lemma space_choice_space [simp]: "space (choice_space \<sigma> \<delta> q0) = UNIV"
  by (auto simp: choice_space_def space_PiM PiE_def extensional_def)

lemma prob_space_choice_space: "prob_space (choice_space \<sigma> \<delta> q0)"
  unfolding choice_space_def by (rule prob_space_PiM) (simp add: prob_space_measure_pmf)

lemma emeasure_history_eq:
  assumes "length h = n"
  shows "emeasure (choice_space \<sigma> \<delta> q0) {x. history n x = h} = ennreal (hist_prob \<sigma> \<delta> q0 h)"
proof -
  let ?M = "\<lambda>t. measure_pmf (step_pmf \<sigma> \<delta> q0 t)"
  define J where "J = (\<lambda>i. take i h) ` {..<n}"
  have inj: "inj_on (\<lambda>i. take i h) {..<n}"
    using assms by (intro inj_onI) (metis length_take lessThan_iff min.absorb4)
  have "{x. history n x = h} = prod_emb UNIV ?M J (Pi\<^sub>E J (\<lambda>t. {h ! length t}))"
    using assms by (auto simp: history_eq_iff prod_emb_def J_def PiE_def Pi_def extensional_def)
  then have "emeasure (choice_space \<sigma> \<delta> q0) {x. history n x = h}
      = (\<Prod>t\<in>J. emeasure (?M t) {h ! length t})"
    unfolding choice_space_def
    by (simp add: emeasure_PiM_emb J_def prob_space_measure_pmf)
  also have "\<dots> = (\<Prod>i<n. ennreal (pmf (step_pmf \<sigma> \<delta> q0 (take i h)) (h ! i)))"
    using assms by (simp add: J_def prod.reindex[OF inj] emeasure_pmf_single)
  also have "\<dots> = ennreal (hist_prob \<sigma> \<delta> q0 h)"
  proof -
    have "pmf (step_pmf \<sigma> \<delta> q0 (take i h)) (h ! i)
        = pmf (\<sigma> (q0, take i h)) (fst (h ! i))
          * pmf (\<delta> (if i = 0 then q0 else snd (h ! (i - 1))) (fst (h ! i))) (snd (h ! i))"
      if "i < n" for i
      using that assms pmf_bind_map_Pair[of _ _ "fst (h ! i)" "snd (h ! i)"]
      by (auto simp: step_pmf_def last_state_def last_conv_nth min_def)
    then show ?thesis
      using assms by (simp add: hist_prob_def prod_ennreal)
  qed
  finally show ?thesis .
qed

lemma stake_run_of: "stake (Suc n) (run_of q0 x) = q0 # map snd (history n x)"
proof (rule nth_equalityI)
  fix i assume "i < length (stake (Suc n) (run_of q0 x))"
  then have i: "i \<le> n" by simp
  then have "stake (Suc n) (run_of q0 x) ! i = run_of q0 x !! i"
    by (intro stake_nth) simp
  also have "\<dots> = last_state q0 (history i x)"
    by (simp add: run_of_def)
  also have "\<dots> = last_state q0 (take i (history n x))"
    using i by (simp add: take_history)
  also have "\<dots> = (q0 # map snd (history n x)) ! i"
    using i by (cases i) (auto simp: last_state_def take_Suc_conv_app_nth)
  finally show "stake (Suc n) (run_of q0 x) ! i = (q0 # map snd (history n x)) ! i" .
qed simp

lemma measurable_history:
  fixes \<sigma> :: "('q::countable, 'a::countable) strat"
  shows "history n \<in> measurable (choice_space \<sigma> \<delta> q0) (count_space UNIV)"
proof (induction n)
  case (Suc n)
  have "(\<lambda>x. (\<lambda>h x. h @ [x h]) (history n x) x) \<in> measurable (choice_space \<sigma> \<delta> q0) (count_space UNIV)"
  proof (rule measurable_compose_countable'[OF _ Suc])
    fix h :: "('a \<times> 'q) list"
    have "(\<lambda>x. x h) \<in> measurable (choice_space \<sigma> \<delta> q0) (count_space UNIV)"
      using measurable_component_singleton[of h UNIV "\<lambda>h. measure_pmf (step_pmf \<sigma> \<delta> q0 h)"]
      by (simp add: choice_space_def measurable_def)
    then show "(\<lambda>x. h @ [x h]) \<in> measurable (choice_space \<sigma> \<delta> q0) (count_space UNIV)"
      by (rule measurable_compose) simp
  qed simp
  then show ?case
    by simp
qed simp

lemma measurable_run_of:
  fixes \<sigma> :: "('q::countable, 'a::countable) strat"
  shows "run_of q0 \<in> measurable (choice_space \<sigma> \<delta> q0) (stream_space (count_space UNIV))"
proof (rule measurable_stream_space2)
  fix n
  have "(\<lambda>x. last_state q0 (history n x)) \<in> measurable (choice_space \<sigma> \<delta> q0) (count_space UNIV)"
    by (rule measurable_compose[OF measurable_history]) simp
  then show "(\<lambda>x. run_of q0 x !! n) \<in> measurable (choice_space \<sigma> \<delta> q0) (count_space UNIV)"
    by (simp add: run_of_def)
qed

lemma run_of_cylinder_eq:
  fixes q0 :: 'q and qs :: "'q list"
  shows "{x. stake (Suc (length qs)) (run_of q0 x) = q0 # qs}
    = (\<Union>as\<in>{as. length as = length qs}. {x. history (length qs) x = zip as qs})"
proof -
  have "map snd h = qs \<longleftrightarrow> (\<exists>as. length as = length qs \<and> h = zip as qs)"
    for h :: "('a \<times> 'q) list"
    by (metis length_map map_snd_zip zip_map_fst_snd)
  then show ?thesis
    unfolding stake_run_of list.inject by auto
qed

text \<open>The run measure is defined by choice, so it is a probability measure only because
one exists: the image of the choice space under \<^const>\<open>run_of\<close>.\<close>

lemma run_measure_exists:
  fixes \<sigma> :: "('q::countable, 'a::finite) strat"
  shows "\<exists>M. sets M = sets (stream_space (count_space UNIV)) \<and> prob_space M \<and>
      (\<forall>qs. emeasure M {\<omega> \<in> space M. stake (Suc (length qs)) \<omega> = q0 # qs}
             = ennreal (state_prefix_prob \<sigma> \<delta> q0 qs))"
proof (intro exI conjI allI)
  let ?\<Omega> = "choice_space \<sigma> \<delta> q0"
  let ?M = "distr ?\<Omega> (stream_space (count_space UNIV)) (run_of q0)"
  show "sets ?M = sets (stream_space (count_space UNIV))" by simp
  show "prob_space ?M"
    by (rule prob_space.prob_space_distr[OF prob_space_choice_space measurable_run_of])
  fix qs :: "'q list"
  let ?A = "{as :: 'a list. length as = length qs}"
  let ?C = "{\<omega> \<in> space ?M. stake (Suc (length qs)) \<omega> = q0 # qs}"
  have "?C \<in> sets (stream_space (count_space UNIV))"
    by simp
  then have "emeasure ?M ?C = emeasure ?\<Omega> (run_of q0 -` ?C \<inter> space ?\<Omega>)"
    by (rule emeasure_distr[OF measurable_run_of])
  also have "run_of q0 -` ?C \<inter> space ?\<Omega> = {x. stake (Suc (length qs)) (run_of q0 x) = q0 # qs}"
    by (auto simp: space_stream_space simp del: stake.simps)
  also have "\<dots> = (\<Union>as\<in>?A. {x. history (length qs) x = zip as qs})"
    by (rule run_of_cylinder_eq)
  also have "emeasure ?\<Omega> \<dots> = (\<Sum>as\<in>?A. emeasure ?\<Omega> {x. history (length qs) x = zip as qs})"
  proof (rule sum_emeasure[symmetric])
    show "(\<lambda>as. {x. history (length qs) x = zip as qs}) ` ?A \<subseteq> sets ?\<Omega>"
    proof safe
      fix as :: "'a list"
      have "history (length qs) -` {zip as qs} \<inter> space ?\<Omega> \<in> sets ?\<Omega>"
        by (rule measurable_sets[OF measurable_history]) simp
      then show "{x. history (length qs) x = zip as qs} \<in> sets ?\<Omega>"
        by (simp add: vimage_def)
    qed
    show "disjoint_family_on (\<lambda>as. {x. history (length qs) x = zip as qs}) ?A"
      by (auto simp: disjoint_family_on_def zip_eq_conv)
    show "finite ?A"
      using finite_lists_length_eq[of "UNIV :: 'a set"] by simp
  qed
  also have "\<dots> = ennreal (state_prefix_prob \<sigma> \<delta> q0 qs)"
    by (simp add: emeasure_history_eq state_prefix_prob_def hist_prob_def prod_nonneg)
  finally show "emeasure ?M ?C = ennreal (state_prefix_prob \<sigma> \<delta> q0 qs)" .
qed

lemma prob_space_run_measure:
  fixes \<sigma> :: "('q::countable, 'a::finite) strat"
  shows "prob_space (run_measure \<sigma> \<delta> q0)"
  unfolding run_measure_def by (rule someI_ex[OF run_measure_exists, THEN conjunct2, THEN conjunct1])

lemma Pr_nonneg:
  fixes \<delta> :: "('q::countable, 'a::finite) trans"
  shows "0 \<le> Pr \<delta> \<sigma> q W"
  by (simp add: Pr_def)

lemma Pr_le_1:
  fixes \<delta> :: "('q::countable, 'a::finite) trans"
  shows "Pr \<delta> \<sigma> q W \<le> 1"
  unfolding Pr_def using prob_space.prob_le_1[OF prob_space_run_measure] .

lemma inner_vec_const: "inner a (\<chi> i. x) = x * (\<Sum>i\<in>UNIV. a $ i)" for a :: "real^'e::finite"
  by (simp add: inner_vec_def sum_distrib_left mult.commute)

lemma upper_orthant_halfspace:
  fixes a :: "real^'e::finite"
  assumes orthant: "\<And>w. (\<forall>i. c < w $ i) \<Longrightarrow> \<beta> \<le> inner a w"
  shows nonneg_if_upper_orthant_halfspace: "0 \<le> a $ e"
    and le_if_upper_orthant_halfspace: "\<beta> \<le> c * (\<Sum>i\<in>UNIV. a $ i)"
proof -
  define s where "s = (\<Sum>i\<in>UNIV. a $ i)"
  have shift: "\<beta> \<le> x * s + K * a $ i" if "c < x" "0 \<le> K" for x K i
  proof -
    have "\<beta> \<le> inner a ((\<chi> j. x) + K *\<^sub>R axis i 1)"
      using that by (intro orthant) (simp add: axis_def)
    then show ?thesis
      by (simp add: inner_add_right inner_axis inner_vec_const s_def)
  qed
  have nonneg: "0 \<le> a $ i" for i
  proof (rule ccontr)
    assume "\<not> 0 \<le> a $ i"
    define K where "K = (\<bar>(c + 1) * s\<bar> + \<bar>\<beta>\<bar> + 1) / - a $ i"
    have "\<beta> \<le> (c + 1) * s + K * a $ i"
      using \<open>\<not> 0 \<le> a $ i\<close> by (intro shift) (auto simp: K_def intro!: divide_nonneg_neg)
    also have "\<dots> = (c + 1) * s - (\<bar>(c + 1) * s\<bar> + \<bar>\<beta>\<bar> + 1)"
      using \<open>\<not> 0 \<le> a $ i\<close> by (simp add: K_def)
    finally show False
      using abs_ge_self[of "(c + 1) * s"] abs_ge_minus_self[of \<beta>] by linarith
  qed
  then show "0 \<le> a $ e" .
  have "0 \<le> s"
    unfolding s_def using nonneg by (rule sum_nonneg)
  show "\<beta> \<le> c * s"
  proof (rule field_le_epsilon)
    fix \<epsilon> :: real assume "0 < \<epsilon>"
    have "\<beta> \<le> (c + \<epsilon> / (s + 1)) * s + 0 * a $ e"
      using \<open>0 < \<epsilon>\<close> \<open>0 \<le> s\<close> by (intro shift) auto
    also have "\<dots> \<le> c * s + \<epsilon>"
      using \<open>0 < \<epsilon>\<close> \<open>0 \<le> s\<close> by (simp add: field_simps)
    finally show "\<beta> \<le> c * s + \<epsilon>" .
  qed
qed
=-=-=-=-=
Exercise directions: Copy out all lines of the listing above that include "Union".

Problem solution:
    = (\<Union>as\<in>{as. length as = length qs}. {x. history (length qs) x = zip as qs})"
  also have "\<dots> = (\<Union>as\<in>?A. {x. history (length qs) x = zip as qs})"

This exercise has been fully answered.